— What you will do —
Where the line with "to the smaller" appears below, start writing out lines exactly, and finish with the line with "define c where", which is included; write out nothing else.

Records from a data collection
**********

(* Let $N_0,N_1\ge 0$ with $N_0+N_1=N$. The square matrix $M=M(N_0,N_1)$, with rows and columns indexed by the words of length $N$ having $N_0$ zeros and $N_1$ ones, with entry $M_{w,w'}=q^{g(w,w')}$ if $w'$ is feasible for $w$ and $M_{w,w'}=0$ otherwise ($q$ an indeterminate), is invertible.
   Context: A link pattern on a finite totally ordered set is a partition into pairs that are pairwise noncrossing (no $i<j<k<\ell$ with $\{i,k\}$ and $\{j,\ell\}$ both pairs). An extended link pattern $\pi$ on $\{1,\dots,N\}$ consists of integers $\ell_1<\dots<\ell_a$ (left points) and $r_1<\dots<r_b\le N$ (right points), with every left point smaller than every right point, together with a link pattern on each maximal interval of integers of $\{1,\dots,N\}$ containing no left or right point. Its word $\mathbf w(\pi)\in\{0,1\}^N$ has $w_{\ell_k}=1$, $w_{r_k}=0$, and for each pair $\{i<j\}$ of the link patterns $w_i=0$, $w_j=1$; $\mathbf w$ is a bijection onto $\{0,1\}^N$. A directed extended link pattern is an extended link pattern in which, in each pair of the link patterns, one element is declared the source and the other the sink; left points are sinks and right points are sources. $RL$ of it is the number of pairs whose larger element is the source. Its source-sink word $w$ has $w_i=0$ iff $i$ is a source. A word $w'$ is feasible for $w$ if there exists a directed extended link pattern whose underlying extended link pattern is $\mathbf w^{-1}(w')$ and whose source-sink word is $w$; this directed pattern is then unique and $g(w,w')$ is its $RL$. *)

theory Defs
  imports "HOL-Computational_Algebra.Polynomial"
begin

(* Positions are 0,...,N-1 (the paper uses 1,...,N). A pair {i<j} is stored as (i,j). *)

definition noncrossing :: "(nat \<times> nat) set \<Rightarrow> bool" where
  "noncrossing P \<longleftrightarrow>
     (\<forall>(i,k)\<in>P. \<forall>(j,l)\<in>P. \<not> (i < j \<and> j < k \<and> k < l))"

(* extended link pattern on {0..<N}: left points L, right points R, pairs P *)
definition ext_link_pattern :: "nat \<Rightarrow> nat set \<Rightarrow> nat set \<Rightarrow> (nat \<times> nat) set \<Rightarrow> bool" where
  "ext_link_pattern N L R P \<longleftrightarrow>
     L \<subseteq> {..<N} \<and> R \<subseteq> {..<N} \<and>
     (\<forall>l\<in>L. \<forall>r\<in>R. l < r) \<and>
     (\<forall>(i,j)\<in>P. i < j \<and> j < N \<and> i \<notin> L \<union> R \<and> j \<notin> L \<union> R) \<and>
     (\<forall>x\<in>{..<N} - (L \<union> R). \<exists>!p. p \<in> P \<and> (x = fst p \<or> x = snd p)) \<and>
     noncrossing P \<and>
     (\<forall>(i,j)\<in>P. \<forall>x\<in>L \<union> R. \<not> (i < x \<and> x < j))"

definition elp_word :: "nat \<Rightarrow> nat set \<Rightarrow> nat set \<Rightarrow> (nat \<times> nat) set \<Rightarrow> nat list" where
  "elp_word N L R P = map (\<lambda>i. if i \<in> L then 1 else if i \<in> R then 0
                              else if (\<exists>j. (i,j) \<in> P) then 0 else 1) [0..<N]"

(* A directed extended link pattern is (L,R,P,S) with S \<subseteq> P the set of pairs whose
   larger element is the source (in pairs of P - S the smaller element is the source).
   Its RL is card S. Source-sink word: entry 0 iff the position is a source. *)
definition ss_word :: "nat \<Rightarrow> nat set \<Rightarrow> nat set \<Rightarrow> (nat \<times> nat) set \<Rightarrow> (nat \<times> nat) set \<Rightarrow> nat list" where
  "ss_word N L R P S = map (\<lambda>i. if i \<in> R \<or> (\<exists>j. (i,j) \<in> P - S) \<or> (\<exists>j. (j,i) \<in> S)
                               then 0 else 1) [0..<N]"

definition feasible :: "nat \<Rightarrow> nat list \<Rightarrow> nat list \<Rightarrow> bool" where
  "feasible N w w' \<longleftrightarrow>
     (\<exists>L R P S. ext_link_pattern N L R P \<and> S \<subseteq> P \<and>
                elp_word N L R P = w' \<and> ss_word N L R P S = w)"

definition g :: "nat \<Rightarrow> nat list \<Rightarrow> nat list \<Rightarrow> nat" where
  "g N w w' = (THE k. \<exists>L R P S. ext_link_pattern N L R P \<and> S \<subseteq> P \<and>
                elp_word N L R P = w' \<and> ss_word N L R P S = w \<and> card S = k)"

definition words :: "nat \<Rightarrow> nat \<Rightarrow> nat list set" where
  "words N0 N1 = {w. length w = N0 + N1 \<and> set w \<subseteq> {0,1} \<and>
                     length (filter (\<lambda>x. x = 0) w) = N0}"

definition M :: "nat \<Rightarrow> nat \<Rightarrow> nat list \<Rightarrow> nat list \<Rightarrow> int poly" where
  "M N0 N1 w w' = (if feasible (N0 + N1) w w' then [:0, 1:] ^ g (N0 + N1) w w' else 0)"

definition invertible_on :: "'i set \<Rightarrow> ('i \<Rightarrow> 'i \<Rightarrow> 'a::comm_ring_1) \<Rightarrow> bool" where
  "invertible_on I A \<longleftrightarrow>
     (\<exists>B. (\<forall>x\<in>I. \<forall>y\<in>I. (\<Sum>z\<in>I. A x z * B z y) = (if x = y then 1 else 0)) \<and>
          (\<forall>x\<in>I. \<forall>y\<in>I. (\<Sum>z\<in>I. B x z * A z y) = (if x = y then 1 else 0)))"

end

theory Submission
  imports Defs "HOL-Library.List_Lexorder"
begin

(* The matrix is unitriangular for the lexicographic order on words. Let a directed pattern have
   underlying word w' and source-sink word w, and let S be its set of pairs oriented from the larger
   to the smaller element. The two words agree away from the ends of the pairs in S; at the smallest
   such end w' has a 0 and w a 1. Hence w' < w when S is nonempty and w' = w when S is empty, so
   feasible entries lie on or below the diagonal, and on the diagonal RL = 0 gives the entry q^0 = 1.
   Every word is feasible for itself because every word is the word of an extended link pattern. *)

lemma invertible_on_insert_max:
  fixes A :: "'i \<Rightarrow> 'i \<Rightarrow> 'a::comm_ring_1"
  assumes inv: "invertible_on I A" and "finite I" and "m \<notin> I"
    and col: "\<And>x. x \<in> I \<Longrightarrow> A x m = 0" and "A m m = 1"
  shows "invertible_on (insert m I) A"
proof -
  obtain B where
    AB: "\<And>x y. x \<in> I \<Longrightarrow> y \<in> I \<Longrightarrow> (\<Sum>z\<in>I. A x z * B z y) = (if x = y then 1 else 0)" and
    BA: "\<And>x y. x \<in> I \<Longrightarrow> y \<in> I \<Longrightarrow> (\<Sum>z\<in>I. B x z * A z y) = (if x = y then 1 else 0)"
    using inv unfolding invertible_on_def by blast
  define c where "c y = - (\<Sum>u\<in>I. A m u * B u y)" for y
  \<comment> \<open>the block inverse of the matrix with blocks \<open>A|I\<close>, column \<open>0\<close>, row \<open>A m\<close>, corner \<open>1\<close>\<close>
  define B' where "B' x y = (if x = m then if y = m then 1 else c y
                             else if y = m then 0 else B x y)" for x y
  have sum_insert: "(\<Sum>z\<in>insert m I. f z) = f m + (\<Sum>z\<in>I. f z)" for f :: "'i \<Rightarrow> 'a"
    using \<open>finite I\<close> \<open>m \<notin> I\<close> by simp
  have B'_m: "B' m y = (if y = m then 1 else c y)" "B' x m = (if x = m then 1 else 0)" for x y
    by (simp_all add: B'_def)
  have B'_I: "(\<Sum>z\<in>I. f z * B' z y) = (if y = m then 0 else \<Sum>z\<in>I. f z * B z y)" for f y
  proof -
    have col_B': "z \<in> I \<Longrightarrow> B' z y = (if y = m then 0 else B z y)" for z
      using \<open>m \<notin> I\<close> by (auto simp: B'_def)
    show ?thesis by (simp add: col_B' cong: sum.cong)
  qed
  have I_B': "(\<Sum>z\<in>I. B' x z * f z) = (if x = m then \<Sum>z\<in>I. c z * f z else \<Sum>z\<in>I. B x z * f z)"
    for f x
  proof -
    have row_B': "z \<in> I \<Longrightarrow> B' x z = (if x = m then c z else B x z)" for z
      using \<open>m \<notin> I\<close> by (auto simp: B'_def)
    show ?thesis by (simp add: row_B' cong: sum.cong)
  qed
  have c_A: "(\<Sum>z\<in>I. c z * A z y) = - A m y" if "y \<in> I" for y
  proof -
    have "(\<Sum>z\<in>I. c z * A z y) = - (\<Sum>z\<in>I. \<Sum>u\<in>I. A m u * B u z * A z y)"
      unfolding c_def by (simp add: sum_distrib_right sum_negf)
    also have "\<dots> = - (\<Sum>u\<in>I. A m u * (\<Sum>z\<in>I. B u z * A z y))"
      by (subst sum.swap) (simp add: sum_distrib_left mult.assoc)
    also have "\<dots> = - A m y"
      using that \<open>finite I\<close> by (simp add: BA if_distrib cong: if_cong sum.cong)
    finally show ?thesis .
  qed
  have "(\<Sum>z\<in>insert m I. A x z * B' z y) = (if x = y then 1 else 0)"
    if "x \<in> insert m I" "y \<in> insert m I" for x y
    using that \<open>m \<notin> I\<close> \<open>A m m = 1\<close> col AB
    by (auto simp: sum_insert B'_I B'_m c_def)
  moreover have "(\<Sum>z\<in>insert m I. B' x z * A z y) = (if x = y then 1 else 0)"
    if "x \<in> insert m I" "y \<in> insert m I" for x y
    using that \<open>m \<notin> I\<close> \<open>A m m = 1\<close> col BA c_A
    by (auto simp: sum_insert I_B' B'_m)
  ultimately show ?thesis
    unfolding invertible_on_def by blast
qed

lemma invertible_on_unitriangular:
  fixes A :: "'i::linorder \<Rightarrow> 'i \<Rightarrow> 'a::comm_ring_1"
  assumes "finite I"
    and "\<And>x. x \<in> I \<Longrightarrow> A x x = 1"
    and "\<And>x y. x \<in> I \<Longrightarrow> y \<in> I \<Longrightarrow> x < y \<Longrightarrow> A x y = 0"
  shows "invertible_on I A"
  using assms
proof (induction I rule: finite_linorder_max_induct)
  case empty
  show ?case unfolding invertible_on_def by simp
next
  case (insert m I)
  show ?case
    by (rule invertible_on_insert_max) (use insert in auto)
qed

lemma ext_link_patternD:
  assumes "ext_link_pattern N L R P"
  shows "L \<subseteq> {..<N}" "R \<subseteq> {..<N}" "\<And>l r. l \<in> L \<Longrightarrow> r \<in> R \<Longrightarrow> l < r"
    and "\<And>i j. (i, j) \<in> P \<Longrightarrow> i < j \<and> j < N \<and> i \<notin> L \<union> R \<and> j \<notin> L \<union> R"
    and "\<And>x. x < N \<Longrightarrow> x \<notin> L \<union> R \<Longrightarrow> \<exists>!p. p \<in> P \<and> (x = fst p \<or> x = snd p)"
    and "noncrossing P"
    and "\<And>i j x. (i, j) \<in> P \<Longrightarrow> x \<in> L \<union> R \<Longrightarrow> \<not> (i < x \<and> x < j)"
  using assms unfolding ext_link_pattern_def by (simp_all add: Ball_def) blast+

lemma ext_link_pattern_pair_eqI:
  assumes "ext_link_pattern N L R P" "(a, b) \<in> P" "(c, d) \<in> P" "c \<in> {a, b} \<or> d \<in> {a, b}"
  shows "(c, d) = (a, b)"
proof -
  note elp = ext_link_patternD[OF assms(1)]
  obtain x where x: "x \<in> {a, b}" "x \<in> {c, d}" using assms(4) by blast
  then have "x < N" "x \<notin> L \<union> R" using elp(4)[OF assms(2)] by auto
  then obtain p where p: "\<And>q. q \<in> P \<Longrightarrow> x = fst q \<or> x = snd q \<Longrightarrow> q = p"
    using elp(5) by blast
  show ?thesis using p[of "(a, b)"] p[of "(c, d)"] x assms(2,3) by auto
qed

lemma elp_word_length [simp]: "length (elp_word N L R P) = N"
  by (simp add: elp_word_def)

lemma ss_word_length [simp]: "length (ss_word N L R P S) = N"
  by (simp add: ss_word_def)
lemma LV_le_beyond_4_tauV:
  assumes "0 < c" "c < V_top" "4 * tau c \<le> t" "4 \<le> t * lam c"
  shows "L t \<le> 2 * c + 2 * exp (- (t * lam c / 4))"
proof -
  have tau: "0 < tau c" using tauV_pos[OF assms(1,2)] .
  have lam: "0 < lam c" using lamV_pos[OF assms(1,2)] .
  have tau_lam: "tau c * lam c \<le> t * lam c / 4" using assms(3) lam by (simp add: field_simps)
  have "L t \<le> V (lam c / 2) + exp (- t * (lam c / 2)) * V (lam c / 2)
      + exp (tau c * (lam c / 2 + lam c / 2)) * exp (- t * (lam c / 2))
        / (1 - exp (- (t - tau c) * (lam c / 2)))"
    using V_le_exp_tauV[OF assms(1,2)] tau lam assms(3)
    by (intro LV_le_of_exp_growth) (auto intro: add_increasing)
  also have "\<dots> \<le> c + 1 * c + exp (- (t * lam c / 4)) / (1 / 2)"
  proof -
    have V: "V (lam c / 2) \<le> c" "0 \<le> V (lam c / 2)"
      using V_le_below_lamV[of "lam c / 2" c] V_nonneg[of "lam c / 2"] lam by auto
    have "exp (- t * (lam c / 2)) \<le> 1" using tau lam assms(3) by simp
    then have "exp (- t * (lam c / 2)) * V (lam c / 2) \<le> 1 * c" using V by (intro mult_mono) auto
    moreover have "exp (tau c * (lam c / 2 + lam c / 2)) * exp (- t * (lam c / 2))
        / (1 - exp (- (t - tau c) * (lam c / 2))) \<le> exp (- (t * lam c / 4)) / (1 / 2)"
    proof (rule frac_le)
      show "exp (tau c * (lam c / 2 + lam c / 2)) * exp (- t * (lam c / 2)) \<le> exp (- (t * lam c / 4))"
        using tau_lam by (simp flip: exp_add)
      have "exp (- (t - tau c) * (lam c / 2)) \<le> exp (- (3 / 2))"
        using tau_lam assms(4) by (simp add: field_simps)
      also have "exp (- (3 / 2) :: real) \<le> 1 / 2"
        using exp_ge_add_one_self[of "3 / 2 :: real"] by (simp add: exp_minus field_simps)
      finally show "1 / 2 \<le> 1 - exp (- (t - tau c) * (lam c / 2))" by simp
    qed auto
    ultimately show ?thesis using V by linarith
  qed
  finally show ?thesis by simp
qed

lemma LV_before_tauV_ge:
  assumes "0 < c" "c < V_top" "0 < e" "0 \<le> t" "t \<le> tau c - e"
  shows "exp ((tau c - e - t) * lam c) - 1 \<le> L t"
proof -
  obtain l where l: "lam c \<le> l" "tau c - e < ln (1 + V l) / l"
    using ex_above_tauV[OF assms(1-3)] by auto
  have "0 < l" using lamV_pos[OF assms(1,2)] l(1) by simp
  have "(tau c - e) * l < ln (1 + V l)" using l(2) \<open>0 < l\<close> by (simp add: field_simps)
  then have "exp ((tau c - e) * l) < exp (ln (1 + V l))" by simp
  then have V_l: "exp ((tau c - e) * l) - 1 < V l" using V_nonneg[OF \<open>0 < l\<close>] by simp
  have "exp ((tau c - e - t) * lam c) - 1 \<le> exp ((tau c - e - t) * l) - exp (- t * l)"
  proof -
    have "exp ((tau c - e - t) * lam c) \<le> exp ((tau c - e - t) * l)"
      using l assms by (simp add: mult_left_mono)
    moreover have "exp (- t * l) \<le> 1" using assms \<open>0 < l\<close> by simp
    ultimately show ?thesis by linarith
  qed
  also have "\<dots> = exp (- t * l) * (exp ((tau c - e) * l) - 1)"
    by (simp add: algebra_simps flip: exp_add)
  also have "\<dots> \<le> exp (- t * l) * V l" using V_l by (intro mult_left_mono) auto
  also have "\<dots> \<le> L t" by (rule exp_mult_V_le_LV[OF assms(4) \<open>0 < l\<close>])
  finally show ?thesis .
qed

lemma LV_shift_le_levels:
  assumes "0 < c'" "c' \<le> c" "c < V_top" "0 \<le> t" "0 \<le> s"
  shows "L (t + s) \<le> c' + c * exp (- (t * lam c' / 2)) + exp (- (s * lam c / 2)) * L t"
proof -
  have lam': "0 < lam c'" "lam c' \<le> lam c"
    using lamV_pos[OF assms(1)] lamV_mono[OF assms(3,2)] assms by auto
  have "L (t + s) \<le> V (lam c' / 2) + exp (- (t + s) * (lam c' / 2)) * V (lam c / 2)
      + exp (- s * (lam c / 2)) * L t"
    using assms lam' by (intro LV_shift_le) auto
  also have "\<dots> \<le> c' + c * exp (- (t * lam c' / 2)) + exp (- (s * lam c / 2)) * L t"
  proof -
    have "V (lam c' / 2) \<le> c'" using V_le_below_lamV[of "lam c' / 2" c'] lam' by simp
    moreover have "exp (- (t + s) * (lam c' / 2)) * V (lam c / 2) \<le> c * exp (- (t * lam c' / 2))"
    proof -
      have "exp (- (t + s) * (lam c' / 2)) \<le> exp (- (t * lam c' / 2))"
        using lam' assms by (simp add: field_simps)
      moreover have "V (lam c / 2) \<le> c" "0 \<le> V (lam c / 2)"
        using V_le_below_lamV[of "lam c / 2" c] V_nonneg[of "lam c / 2"] lam' by auto
      ultimately have "exp (- (t + s) * (lam c' / 2)) * V (lam c / 2) \<le> exp (- (t * lam c' / 2)) * c"
        by (intro mult_mono) auto
      then show ?thesis by (simp add: mult.commute)
    qed
    ultimately show ?thesis by simp
  qed
  finally show ?thesis .
qed

end

section \<open>Sequences: cutoff and mixing times\<close>

lemma tendsto_exp_neg_mult:
  fixes f :: "'a \<Rightarrow> real"
  assumes "0 < a" "filterlim f at_top F"
  shows "((\<lambda>x. exp (- (a * f x))) \<longlongrightarrow> 0) F"
proof -
  have "filterlim (\<lambda>x. - (a * f x)) at_bot F"
    using filterlim_tendsto_pos_mult_at_top[OF tendsto_const assms]
    by (simp add: filterlim_uminus_at_top[symmetric])
  then show ?thesis by (rule filterlim_compose[OF exp_at_bot])
qed

lemma tendsto_zero_if_eventually_le:
  fixes f :: "'a \<Rightarrow> real"
  assumes "\<And>e. 0 < e \<Longrightarrow> \<forall>\<^sub>F x in F. f x \<le> e" "\<And>x. 0 \<le> f x"
  shows "(f \<longlongrightarrow> 0) F"
proof (rule order_tendstoI)
  fix e :: real assume "0 < e"
  with assms(1)[of "e / 2"] show "\<forall>\<^sub>F x in F. f x < e"
    by (auto elim: eventually_mono)
qed (use assms(2) in \<open>auto intro: always_eventually less_le_trans\<close>)
lemma gauss_exponent_has_derivative:
  "(gauss_exponent A0 \<eta> has_derivative (\<lambda>d. - (fst y \<bullet> fst d)
     - (\<Sum>k\<in>UNIV. \<Sum>i\<in>UNIV. \<Sum>j\<in>UNIV. \<eta> k * (snd y $ k $ i $ j - A0 $ k $ i $ j) * snd d $ k $ i $ j))) (at y)"
  unfolding gauss_exponent_def[abs_def]
  apply (rule derivative_eq_intros refl | simp)+
  apply (simp add: fun_eq_iff inner_commute mult_ac)
  done

lemma gauss_factor_has_derivative:
  "(gauss_factor A0 \<eta> has_derivative (\<lambda>d. (- (fst y \<bullet> fst d)
     - (\<Sum>k\<in>UNIV. \<Sum>i\<in>UNIV. \<Sum>j\<in>UNIV. \<eta> k * (snd y $ k $ i $ j - A0 $ k $ i $ j) * snd d $ k $ i $ j))
     * gauss_factor A0 \<eta> y)) (at y)"
  unfolding gauss_factor_def[abs_def]
  by (rule has_derivative_mult_right[OF DERIV_compose_FDERIV[OF DERIV_exp gauss_exponent_has_derivative],
        THEN has_derivative_eq_rhs]) (simp add: fun_eq_iff)

lemma nn_integral_normal_density: "0 < \<sigma> \<Longrightarrow> (\<integral>\<^sup>+x. ennreal (normal_density \<mu> \<sigma> x) \<partial>lborel) = 1"
  using prob_space.emeasure_space_1[OF prob_space_normal_density] by (simp add: emeasure_density)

**********

— Task output —
   to the smaller element. The two words agree away from the ends of the pairs in S; at the smallest
   such end w' has a 0 and w a 1. Hence w' < w when S is nonempty and w' = w when S is empty, so
   feasible entries lie on or below the diagonal, and on the diagonal RL = 0 gives the entry q^0 = 1.
   Every word is feasible for itself because every word is the word of an extended link pattern. *)

lemma invertible_on_insert_max:
  fixes A :: "'i \<Rightarrow> 'i \<Rightarrow> 'a::comm_ring_1"
  assumes inv: "invertible_on I A" and "finite I" and "m \<notin> I"
    and col: "\<And>x. x \<in> I \<Longrightarrow> A x m = 0" and "A m m = 1"
  shows "invertible_on (insert m I) A"
proof -
  obtain B where
    AB: "\<And>x y. x \<in> I \<Longrightarrow> y \<in> I \<Longrightarrow> (\<Sum>z\<in>I. A x z * B z y) = (if x = y then 1 else 0)" and
    BA: "\<And>x y. x \<in> I \<Longrightarrow> y \<in> I \<Longrightarrow> (\<Sum>z\<in>I. B x z * A z y) = (if x = y then 1 else 0)"
    using inv unfolding invertible_on_def by blast
  define c where "c y = - (\<Sum>u\<in>I. A m u * B u y)" for y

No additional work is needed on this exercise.